> WORK TO COMPLETE: Retype, exactly as they appear below, the lines between the line holding "x \<in> span" and the line holding "satisfy an affine", both ends included.

> Recorded data:
== Segment start ==
(* Let $A_1,A_2,A_3$ be three distinct points lying on a gyrocircle with gyrocenter $O$ and gyroradius $R$ in the Einstein gyrovector space $\mathbb{R}^n_s$, $n\ge 2$. Let $\theta=\angle A_1A_3A_2$ be the gyroangle at $A_3$ of gyrotriangle $A_1A_2A_3$ (the inscribed gyroangle), and let $2\phi=\angle A_1OA_2$ be the gyrocentral gyroangle, so that $\theta$ and $2\phi$ subtend the same gyroarc $\widehat{A_1A_2}$. Then $$\sin\theta=\frac{2\gamma_R}{\sqrt{(\gamma_{13}+1)(\gamma_{23}+1)}}\,\sin\phi ,$$ where $\gamma_R=(1-R^2/s^2)^{-1/2}$, $\gamma_{13}=\gamma_{\ominus A_1\oplus A_3}$ and $\gamma_{23}=\gamma_{\ominus A_2\oplus A_3}$.
   Context: Fix $s>0$ and $n\ge2$. The Einstein gyrovector space is the open ball $\mathbb{R}^n_s=\{v\in\mathbb{R}^n:\|v\|<s\}$ with Einstein addition $u\oplus v=\frac{1}{1+u\cdot v/s^2}\{u+\frac{1}{\gamma_u}v+\frac{1}{s^2}\frac{\gamma_u}{1+\gamma_u}(u\cdot v)u\}$, where $\gamma_v=(1-\|v\|^2/s^2)^{-1/2}$ (and for a real $0\le a<s$, $\gamma_a=(1-a^2/s^2)^{-1/2}$); $\ominus v=-v$. The gyrodistance between $A,B$ is $\|\ominus A\oplus B\|$. Gyrolines (resp. gyrosegments, gyrorays) in this model are the intersections of Euclidean lines (resp. are Euclidean segments, rays) with the ball. The gyroangle at vertex $A$ between gyrorays $AB$ and $AC$ is the angle $\alpha\in[0,\pi]$ with $\cos\alpha=\frac{(\ominus A\oplus B)\cdot(\ominus A\oplus C)}{\|\ominus A\oplus B\|\,\|\ominus A\oplus C\|}$. For a gyrobarycentrically independent triple $\{A_1,A_2,A_3\}$ (i.e. $\ominus A_1\oplus A_2,\ominus A_1\oplus A_3$ linearly independent) its gyroplane is $(A_1\oplus\mathrm{span}\{\ominus A_1\oplus A_2,\ominus A_1\oplus A_3\})\cap\mathbb{R}^n_s$. A gyrocircle with gyrocenter $O$ and gyroradius $r$ is the set of points of a gyroplane containing $O$ at gyrodistance $r$ from $O$. Notation $\gamma_{ij}=\gamma_{\ominus A_i\oplus A_j}$. *)

theory Defs
  imports "HOL-Analysis.Analysis"
begin

text \<open>Einstein gyrovector space of radius s, realised on vectors of type real^'n.\<close>

definition sball :: "real \<Rightarrow> ('a::real_inner) set" where
  "sball s = {v. norm v < s}"

definition gam :: "real \<Rightarrow> 'a::real_inner \<Rightarrow> real" where
  "gam s v = 1 / sqrt (1 - (norm v)^2 / s^2)"

definition gamr :: "real \<Rightarrow> real \<Rightarrow> real" where
  "gamr s a = 1 / sqrt (1 - a^2 / s^2)"

definition eadd :: "real \<Rightarrow> 'a::real_inner \<Rightarrow> 'a \<Rightarrow> 'a" where
  "eadd s u v = (1 / (1 + (u \<bullet> v) / s^2)) *\<^sub>R
     (u + (1 / gam s u) *\<^sub>R v + ((1 / s^2) * (gam s u / (1 + gam s u)) * (u \<bullet> v)) *\<^sub>R u)"

definition gyrodist :: "real \<Rightarrow> 'a::real_inner \<Rightarrow> 'a \<Rightarrow> real" where
  "gyrodist s A B = norm (eadd s (- A) B)"

definition gyroangle :: "real \<Rightarrow> 'a::real_inner \<Rightarrow> 'a \<Rightarrow> 'a \<Rightarrow> real" where
  "gyroangle s A B C =
     arccos (((eadd s (- A) B) \<bullet> (eadd s (- A) C)) /
             (norm (eadd s (- A) B) * norm (eadd s (- A) C)))"

definition gyro_bary_indep :: "real \<Rightarrow> 'a::real_inner \<Rightarrow> 'a \<Rightarrow> 'a \<Rightarrow> bool" where
  "gyro_bary_indep s A1 A2 A3 \<longleftrightarrow>
     (\<forall>a b::real. a *\<^sub>R eadd s (- A1) A2 + b *\<^sub>R eadd s (- A1) A3 = 0 \<longrightarrow> a = 0 \<and> b = 0)"

definition gyroplane :: "real \<Rightarrow> 'a::real_inner \<Rightarrow> 'a \<Rightarrow> 'a \<Rightarrow> 'a set" where
  "gyroplane s A1 A2 A3 =
     {eadd s A1 x | x. x \<in> span {eadd s (- A1) A2, eadd s (- A1) A3} \<and> x \<in> sball s} \<inter> sball s"

text \<open>Gyrocircle with gyrocenter O and gyroradius r in the gyroplane P (P should contain O).\<close>
definition gyrocircle :: "real \<Rightarrow> 'a::real_inner set \<Rightarrow> 'a \<Rightarrow> real \<Rightarrow> 'a set" where
  "gyrocircle s P Oc r = {X \<in> P. gyrodist s Oc X = r}"

end

theory Submission
  imports Defs
begin

text \<open>Write \<open>\<gamma>(X, Y) = \<gamma>\<^bsub>\<ominus>X\<oplus>Y\<^esub> = \<gamma>\<^bsub>X\<^esub>\<gamma>\<^bsub>Y\<^esub>(1 - X\<cdot>Y/s\<^sup>2)\<close>. The gyrocosine law expresses every
  gyroangle through these pair gammas. A gyroplane lies in a Euclidean plane, so \<open>O, A\<^sub>1, A\<^sub>2, A\<^sub>3\<close>
  satisfy an affine relation \<open>\<Sum> m\<^sub>i X\<^sub>i = 0\<close>, \<open>\<Sum> m\<^sub>i = 0\<close>; pairing it with any point \<open>P\<close> gives
  \<open>\<Sum> (m\<^sub>i/\<gamma>\<^bsub>X\<^sub>i\<^esub>) \<gamma>(X\<^sub>i, P) = 0\<close>, so the matrix \<open>(\<gamma>(X\<^sub>i, X\<^sub>j))\<close> is singular. As \<open>\<gamma>(O, A\<^sub>i) = \<gamma>\<^sub>R\<close>,
  its vanishing determinant is a relation between \<open>\<gamma>\<^sub>1\<^sub>2, \<gamma>\<^sub>1\<^sub>3, \<gamma>\<^sub>2\<^sub>3\<close> and \<open>\<gamma>\<^sub>R\<close>, which turns the
  gyrocosine-law expression for \<open>sin \<theta>\<close> into the claimed multiple of
  \<open>sin \<phi> = sqrt ((1 - cos 2\<phi>)/2)\<close>.\<close>

lemma abs_inner_less_sq:
  fixes a b :: "'a::real_inner"
  assumes "norm a < s" "norm b < s"
  shows "\<bar>a \<bullet> b\<bar> < s\<^sup>2"
proof -
  have "\<bar>a \<bullet> b\<bar> \<le> norm a * norm b" by (rule Cauchy_Schwarz_ineq2)
  also have "\<dots> < s * s" using assms by (meson le_less_trans mult_strict_mono' norm_ge_zero)
  finally show ?thesis by (simp add: power2_eq_square)
qed

lemma gam_minus: "gam s (- a) = gam s a"
  by (simp add: gam_def)

lemma gam_pos:
  fixes a :: "'a::real_inner"
  assumes "norm a < s"
  shows "gam s a > 0"
proof -
  have s: "s > 0" using assms norm_ge_zero[of a] by linarith
  have "(norm a)\<^sup>2 < s\<^sup>2" using assms by (simp add: power_strict_mono)
  then show ?thesis using s unfolding gam_def by (simp add: field_simps)
qed

lemma gam_sq:
  fixes a :: "'a::real_inner"
  assumes "norm a < s"
  shows "(gam s a)\<^sup>2 = s\<^sup>2 / (s\<^sup>2 - a \<bullet> a)"
proof -
  have s: "s > 0" using assms norm_ge_zero[of a] by linarith
  have p: "1 - (a \<bullet> a) / s\<^sup>2 > 0"
    using abs_inner_less_sq[OF assms assms] s by (simp add: field_simps)
  have "(gam s a)\<^sup>2 = 1 / (1 - (a \<bullet> a) / s\<^sup>2)"
    unfolding gam_def power2_norm_eq_inner using p by (simp add: power_divide)
  also have "\<dots> = s\<^sup>2 / (s\<^sup>2 - a \<bullet> a)" using s by (simp add: field_simps)
  finally show ?thesis .
qed

text \<open>The paper's \<open>\<gamma>\<^bsub>\<ominus>X\<oplus>Y\<^esub>\<close>, as shown by \<open>gam_eadd_minus\<close>.\<close>
definition gam_pair :: "real \<Rightarrow> 'a::real_inner \<Rightarrow> 'a \<Rightarrow> real" where
  "gam_pair s X Y = gam s X * gam s Y * (1 - (X \<bullet> Y) / s\<^sup>2)"

lemma gam_pair_commute: "gam_pair s X Y = gam_pair s Y X"
  unfolding gam_pair_def by (simp add: inner_commute)

lemma gam_pair_pos:
  fixes A B :: "'a::real_inner"
  assumes "norm A < s" "norm B < s"
  shows "gam_pair s A B > 0"
proof -
  have s: "s > 0" using assms norm_ge_zero[of A] by linarith
  have "1 - (A \<bullet> B) / s\<^sup>2 > 0" using abs_inner_less_sq[OF assms] s by (simp add: field_simps)
  then show ?thesis unfolding gam_pair_def using gam_pos[OF assms(1)] gam_pos[OF assms(2)] by simp
qed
== Segment end ==
> RESPONSE TO THIS TASK:
     {eadd s A1 x | x. x \<in> span {eadd s (- A1) A2, eadd s (- A1) A3} \<and> x \<in> sball s} \<inter> sball s"

text \<open>Gyrocircle with gyrocenter O and gyroradius r in the gyroplane P (P should contain O).\<close>
definition gyrocircle :: "real \<Rightarrow> 'a::real_inner set \<Rightarrow> 'a \<Rightarrow> real \<Rightarrow> 'a set" where
  "gyrocircle s P Oc r = {X \<in> P. gyrodist s Oc X = r}"

end

theory Submission
  imports Defs
begin

text \<open>Write \<open>\<gamma>(X, Y) = \<gamma>\<^bsub>\<ominus>X\<oplus>Y\<^esub> = \<gamma>\<^bsub>X\<^esub>\<gamma>\<^bsub>Y\<^esub>(1 - X\<cdot>Y/s\<^sup>2)\<close>. The gyrocosine law expresses every
  gyroangle through these pair gammas. A gyroplane lies in a Euclidean plane, so \<open>O, A\<^sub>1, A\<^sub>2, A\<^sub>3\<close>
  satisfy an affine relation \<open>\<Sum> m\<^sub>i X\<^sub>i = 0\<close>, \<open>\<Sum> m\<^sub>i = 0\<close>; pairing it with any point \<open>P\<close> gives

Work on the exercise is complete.